** Work item **
Extract precisely the lines of the entries below, from the first line through the line containing "proof (rule bij_betw_byWitness[where".
--*--
text \<open>A nonempty fibre is in bijection with the unshifted one: subtract a fixed member
  and reduce modulo 1.\<close>

lemma bij_betw_box_coeffs_translate:
  assumes x0: "x0 \<in> box_coeffs d cs v"
  shows "bij_betw (\<lambda>xs. map (\<lambda>k. frac (xs ! k - x0 ! k)) [0..<length cs])
           (box_coeffs d cs v) (box_coeffs d cs (\<lambda>_. 0))"
proof (rule bij_betw_byWitness[where f' = "\<lambda>xs. map (\<lambda>k. frac (xs ! k + x0 ! k)) [0..<length cs]"])
  have box_id: "map (\<lambda>k. frac (xs ! k)) [0..<length cs] = xs" if "xs \<in> box_coeffs d cs w" for xs w
    using that map_frac_nth_eq[of xs] unfolding box_coeffs_def by simp
  show "\<forall>a\<in>box_coeffs d cs v.
      map (\<lambda>k. frac (map (\<lambda>k. frac (a ! k - x0 ! k)) [0..<length cs] ! k + x0 ! k)) [0..<length cs] = a"
  proof
    fix a assume a: "a \<in> box_coeffs d cs v"
    have "map (\<lambda>k. frac (map (\<lambda>k. frac (a ! k - x0 ! k)) [0..<length cs] ! k + x0 ! k)) [0..<length cs]
        = map (\<lambda>k. frac (a ! k)) [0..<length cs]" by (simp cong: map_cong)
    also have "\<dots> = a" by (rule box_id[OF a])
    finally show "map (\<lambda>k. frac (map (\<lambda>k. frac (a ! k - x0 ! k)) [0..<length cs] ! k + x0 ! k)) [0..<length cs] = a" .
  qed
  show "\<forall>a\<in>box_coeffs d cs (\<lambda>_. 0).
      map (\<lambda>k. frac (map (\<lambda>k. frac (a ! k + x0 ! k)) [0..<length cs] ! k - x0 ! k)) [0..<length cs] = a"
  proof
    fix a assume a: "a \<in> box_coeffs d cs (\<lambda>_. 0)"
    have "map (\<lambda>k. frac (map (\<lambda>k. frac (a ! k + x0 ! k)) [0..<length cs] ! k - x0 ! k)) [0..<length cs]
        = map (\<lambda>k. frac (a ! k)) [0..<length cs]" by (simp add: frac_frac_diff cong: map_cong)
    also have "\<dots> = a" by (rule box_id[OF a])
    finally show "map (\<lambda>k. frac (map (\<lambda>k. frac (a ! k + x0 ! k)) [0..<length cs] ! k - x0 ! k)) [0..<length cs] = a" .
  qed
  show "(\<lambda>xs. map (\<lambda>k. frac (xs ! k - x0 ! k)) [0..<length cs]) ` box_coeffs d cs v
      \<subseteq> box_coeffs d cs (\<lambda>_. 0)"
  proof (rule image_subsetI)
    fix xs assume "xs \<in> box_coeffs d cs v"
    from box_coeffs_frac_combination[OF this x0, where a = "-1"]
    show "map (\<lambda>k. frac (xs ! k - x0 ! k)) [0..<length cs] \<in> box_coeffs d cs (\<lambda>_. 0)" by simp
  qed
  show "(\<lambda>xs. map (\<lambda>k. frac (xs ! k + x0 ! k)) [0..<length cs]) ` box_coeffs d cs (\<lambda>_. 0)
      \<subseteq> box_coeffs d cs v"
  proof (rule image_subsetI)
    fix xs assume "xs \<in> box_coeffs d cs (\<lambda>_. 0)"
    from box_coeffs_frac_combination[OF this x0, where a = 1]
    show "map (\<lambda>k. frac (xs ! k + x0 ! k)) [0..<length cs] \<in> box_coeffs d cs v" by simp
  qed
qed

definition last_coeffs :: "nat \<Rightarrow> int vec list \<Rightarrow> int vec \<Rightarrow> rat set" where
  "last_coeffs d cs c = {t. 0 \<le> t \<and> t < 1 \<and> box_coeffs d cs (\<lambda>i. of_int (c $ i) * t) \<noteq> {}}"

lemma box_coeffs_snoc:
  "box_coeffs d (cs @ [c]) (\<lambda>_. 0) =
     (\<Union>t\<in>last_coeffs d cs c. (\<lambda>xs. xs @ [t]) ` box_coeffs d cs (\<lambda>i. of_int (c $ i) * t))"
proof (rule subset_antisym; rule subsetI)
  fix ys assume ys: "ys \<in> box_coeffs d (cs @ [c]) (\<lambda>_. 0)"
  then have "length ys = Suc (length cs)" unfolding box_coeffs_def by simp
  then obtain xs t where ysd: "ys = xs @ [t]" by (metis length_Suc_conv_rev)
  then have "xs \<in> box_coeffs d cs (\<lambda>i. of_int (c $ i) * t)" and "0 \<le> t" "t < 1"
    using ys unfolding box_coeffs_def by (auto simp: lin_comb_snoc)
  then show "ys \<in> (\<Union>t\<in>last_coeffs d cs c. (\<lambda>xs. xs @ [t]) ` box_coeffs d cs (\<lambda>i. of_int (c $ i) * t))"
    unfolding ysd last_coeffs_def by blast
next
  fix ys assume "ys \<in> (\<Union>t\<in>last_coeffs d cs c. (\<lambda>xs. xs @ [t]) ` box_coeffs d cs (\<lambda>i. of_int (c $ i) * t))"
  then show "ys \<in> box_coeffs d (cs @ [c]) (\<lambda>_. 0)"
    unfolding last_coeffs_def box_coeffs_def by (auto simp: lin_comb_snoc)
qed

lemma card_box_coeffs_snoc:
  assumes "finite (box_coeffs d (cs @ [c]) (\<lambda>_. 0))" and "finite (box_coeffs d cs (\<lambda>_. 0))"
  shows "card (box_coeffs d (cs @ [c]) (\<lambda>_. 0)) = card (last_coeffs d cs c) * card (box_coeffs d cs (\<lambda>_. 0))"
proof -
  let ?F = "\<lambda>t. box_coeffs d cs (\<lambda>i. of_int (c $ i) * t)"
  have fibre: "finite (?F t) \<and> card (?F t) = card (box_coeffs d cs (\<lambda>_. 0))"
    if t: "t \<in> last_coeffs d cs c" for t
  proof -
    obtain x0 where "x0 \<in> ?F t" using t unfolding last_coeffs_def by auto
    from bij_betw_box_coeffs_translate[OF this] assms(2) show ?thesis
      using bij_betw_finite bij_betw_same_card by blast
  qed
  have "last_coeffs d cs c \<subseteq> last ` box_coeffs d (cs @ [c]) (\<lambda>_. 0)"
  proof
    fix t assume t: "t \<in> last_coeffs d cs c"
    then obtain x0 where "x0 \<in> ?F t" unfolding last_coeffs_def by auto
    then have "x0 @ [t] \<in> box_coeffs d (cs @ [c]) (\<lambda>_. 0)" using t unfolding box_coeffs_snoc by blast
    then show "t \<in> last ` box_coeffs d (cs @ [c]) (\<lambda>_. 0)" by (metis last_snoc image_eqI)
  qed
  then have "finite (last_coeffs d cs c)" using assms(1) finite_surj by blast
  then have "card (box_coeffs d (cs @ [c]) (\<lambda>_. 0))
      = (\<Sum>t\<in>last_coeffs d cs c. card ((\<lambda>xs. xs @ [t]) ` ?F t))"
    unfolding box_coeffs_snoc using fibre by (intro card_UN_disjoint) auto
  also have "\<dots> = (\<Sum>t\<in>last_coeffs d cs c. card (box_coeffs d cs (\<lambda>_. 0)))"
    using fibre by (intro sum.cong refl) (simp add: card_image inj_on_def)
  finally show ?thesis by simp
qed

section \<open>Counting lattice points column by column\<close>

lemma mult_mat_vec_mat_of_cols_nth:
  fixes x :: "'a :: comm_ring_1 vec"
  assumes "i < d" and "x \<in> carrier_vec (length cs)"
  shows "(map_mat of_int (mat_of_cols d cs) *\<^sub>v x) $ i = (\<Sum>l<length cs. of_int (cs ! l $ i) * x $ l)"
proof -
  have "(map_mat of_int (mat_of_cols d cs) *\<^sub>v x) $ i = row (map_mat of_int (mat_of_cols d cs)) i \<bullet> x"
    using assms by simp
  also have "\<dots> = (\<Sum>l\<in>{0..<length cs}. of_int (cs ! l $ i) * x $ l)"
    unfolding scalar_prod_def using assms by (intro sum.cong) (auto simp: mat_of_cols_index)
  finally show ?thesis by (simp add: atLeast0LessThan)
qed

lemma mem_lattice_points_mat_of_cols_iff:
  "b \<in> lattice_points_parallelepiped (mat_of_cols d cs) \<longleftrightarrow>
    b \<in> carrier_vec d \<and> (\<exists>x :: real vec. x \<in> carrier_vec (length cs) \<and>
      (\<forall>k<length cs. 0 \<le> x $ k \<and> x $ k < 1) \<and>
      (\<forall>i<d. (\<Sum>l<length cs. of_int (cs ! l $ i) * x $ l) = of_int (b $ i)))"
proof -
  have "(map_mat real_of_int (mat_of_cols d cs) *\<^sub>v x = map_vec real_of_int b) \<longleftrightarrow>
      (\<forall>i<d. (\<Sum>l<length cs. of_int (cs ! l $ i) * x $ l) = of_int (b $ i))"
    if "b \<in> carrier_vec d" "x \<in> carrier_vec (length cs)" for x b
    using that by (auto simp: vec_eq_iff mult_mat_vec_mat_of_cols_nth simp del: index_mult_mat_vec)
  then show ?thesis unfolding lattice_points_parallelepiped_def by auto
qed

lemma finite_bounded_int_vecs: "finite {v :: int vec. v \<in> carrier_vec d \<and> (\<forall>i<d. \<bar>v $ i\<bar> \<le> R)}"
proof (rule finite_subset)
  show "{v. v \<in> carrier_vec d \<and> (\<forall>i<d. \<bar>v $ i\<bar> \<le> R)}
      \<subseteq> vec_of_list ` {xs. set xs \<subseteq> {-R..R} \<and> length xs = d}"
  proof
    fix v :: "int vec" assume v: "v \<in> {v. v \<in> carrier_vec d \<and> (\<forall>i<d. \<bar>v $ i\<bar> \<le> R)}"
    have "v = vec_of_list (map (\<lambda>i. v $ i) [0..<d])"
      using v by (intro eq_vecI) (auto simp: vec_of_list_index)
    moreover have "map (\<lambda>i. v $ i) [0..<d] \<in> {xs. set xs \<subseteq> {-R..R} \<and> length xs = d}"
      using v by (auto simp: abs_le_iff)
    ultimately show "v \<in> vec_of_list ` {xs. set xs \<subseteq> {-R..R} \<and> length xs = d}" by blast
  qed
qed (intro finite_imageI finite_lists_length_eq; simp)

lemma finite_lattice_points_mat_of_cols:
  "finite (lattice_points_parallelepiped (mat_of_cols d cs))"
proof (rule finite_subset)
  define R where "R = (\<Sum>l<length cs. \<Sum>i<d. \<bar>cs ! l $ i\<bar>)"
  show "lattice_points_parallelepiped (mat_of_cols d cs)
      \<subseteq> {v :: int vec. v \<in> carrier_vec d \<and> (\<forall>i<d. \<bar>v $ i\<bar> \<le> R)}"
  proof
    fix b assume "b \<in> lattice_points_parallelepiped (mat_of_cols d cs)"
    then obtain x :: "real vec" where b: "b \<in> carrier_vec d"
      and x: "\<forall>k<length cs. 0 \<le> x $ k \<and> x $ k < 1"
      and eq: "\<forall>i<d. (\<Sum>l<length cs. of_int (cs ! l $ i) * x $ l) = of_int (b $ i)"
      unfolding mem_lattice_points_mat_of_cols_iff by blast
    have "\<bar>b $ i\<bar> \<le> R" if i: "i < d" for i
    proof -
      have "real_of_int \<bar>b $ i\<bar> = \<bar>\<Sum>l<length cs. of_int (cs ! l $ i) * x $ l\<bar>" using eq i by simp
      also have "\<dots> \<le> (\<Sum>l<length cs. real_of_int \<bar>cs ! l $ i\<bar>)"
      proof (intro sum_abs[THEN order_trans] sum_mono)
        fix l assume "l \<in> {..<length cs}"
        then have "0 \<le> x $ l" "x $ l \<le> 1" using x by auto
        then show "\<bar>of_int (cs ! l $ i) * x $ l\<bar> \<le> real_of_int \<bar>cs ! l $ i\<bar>"
          by (simp add: abs_mult mult_left_le)
      qed
      also have "\<dots> = of_int (\<Sum>l<length cs. \<bar>cs ! l $ i\<bar>)" by simp
      also have "\<dots> \<le> of_int R" unfolding R_def of_int_le_iff
        by (intro sum_mono member_le_sum[where f = "\<lambda>i. \<bar>cs ! _ $ i\<bar>"]) (use i in auto)
      finally show ?thesis by linarith
    qed
    then show "b \<in> {v. v \<in> carrier_vec d \<and> (\<forall>i<d. \<bar>v $ i\<bar> \<le> R)}" using b by simp
  qed
qed (rule finite_bounded_int_vecs)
--*--
** Task solution **
text \<open>A nonempty fibre is in bijection with the unshifted one: subtract a fixed member
  and reduce modulo 1.\<close>

lemma bij_betw_box_coeffs_translate:
  assumes x0: "x0 \<in> box_coeffs d cs v"
  shows "bij_betw (\<lambda>xs. map (\<lambda>k. frac (xs ! k - x0 ! k)) [0..<length cs])
           (box_coeffs d cs v) (box_coeffs d cs (\<lambda>_. 0))"
proof (rule bij_betw_byWitness[where f' = "\<lambda>xs. map (\<lambda>k. frac (xs ! k + x0 ! k)) [0..<length cs]"])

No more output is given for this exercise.